Task objective:
Write out, word for word, only the data from its first line to the line containing "fix y' assume".

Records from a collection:
# # #

lemma orth_proj_eqI:
  fixes S :: "'a::real_inner set"
  assumes "subspace S" "y \<in> S" "x - y \<in> orthogonal_comp S"
  shows "orth_proj S x = y"
  unfolding orth_proj_def
proof (rule the_equality)
  fix y' assume y': "y' \<in> S \<and> x - y' \<in> orthogonal_comp S"
  then have "y' - y \<in> S"
    using assms by (simp add: subspace_diff)
  moreover have "y' - y \<in> orthogonal_comp S"
    using y' assms(3) subspace_diff[OF subspace_orthogonal_comp] by force
  ultimately have "inner (y' - y) (y' - y) = 0"
    unfolding orthogonal_comp_def orthogonal_def by blast
  then show "y' = y"
    by simp
qed (use assms in blast)

context
  fixes S :: "'a::{real_inner,complete_space} set"
  assumes S: "subspace S" "closed S"
begin

lemma orth_proj_in: "orth_proj S x \<in> S"
  and orth_proj_orthogonal: "x - orth_proj S x \<in> orthogonal_comp S"
proof -
  obtain y where "y \<in> S" "x - y \<in> orthogonal_comp S"
    using orthogonal_projection_exists[OF S] .
  moreover have "orth_proj S x = y"
    using orth_proj_eqI[OF S(1) calculation] .
  ultimately show "orth_proj S x \<in> S" "x - orth_proj S x \<in> orthogonal_comp S"
    by simp_all
qed

lemma inner_orth_proj: "z \<in> S \<Longrightarrow> inner (orth_proj S x) z = inner x z"
  using orth_proj_orthogonal[of x]
  by (auto simp: orthogonal_comp_def orthogonal_def inner_diff_right inner_commute)

lemma inner_orth_proj_residual:
  "inner (x - orth_proj S x) x = (norm (x - orth_proj S x))\<^sup>2"
  using inner_orth_proj[OF orth_proj_in, of x x]
  by (simp add: power2_norm_eq_inner inner_diff_left inner_diff_right inner_commute)

lemma linear_orth_proj: "linear (orth_proj S)"
proof
  fix x y
  show "orth_proj S (x + y) = orth_proj S x + orth_proj S y"
  proof (rule orth_proj_eqI[OF S(1)])
    show "orth_proj S x + orth_proj S y \<in> S"
      using S(1) orth_proj_in orth_proj_in by (rule subspace_add)
    show "x + y - (orth_proj S x + orth_proj S y) \<in> orthogonal_comp S"
      unfolding add_diff_add using subspace_orthogonal_comp orth_proj_orthogonal orth_proj_orthogonal
      by (rule subspace_add)
  qed
next
  fix r x
  show "orth_proj S (r *\<^sub>R x) = r *\<^sub>R orth_proj S x"
  proof (rule orth_proj_eqI[OF S(1)])
    show "r *\<^sub>R orth_proj S x \<in> S"
      using S(1) orth_proj_in by (rule subspace_scale)
    show "r *\<^sub>R x - r *\<^sub>R orth_proj S x \<in> orthogonal_comp S"
      unfolding scaleR_diff_right[symmetric] using subspace_orthogonal_comp orth_proj_orthogonal
      by (rule subspace_scale)
  qed
qed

# # #

Answer to the exercise:
lemma orth_proj_eqI:
  fixes S :: "'a::real_inner set"
  assumes "subspace S" "y \<in> S" "x - y \<in> orthogonal_comp S"
  shows "orth_proj S x = y"
  unfolding orth_proj_def
proof (rule the_equality)
  fix y' assume y': "y' \<in> S \<and> x - y' \<in> orthogonal_comp S"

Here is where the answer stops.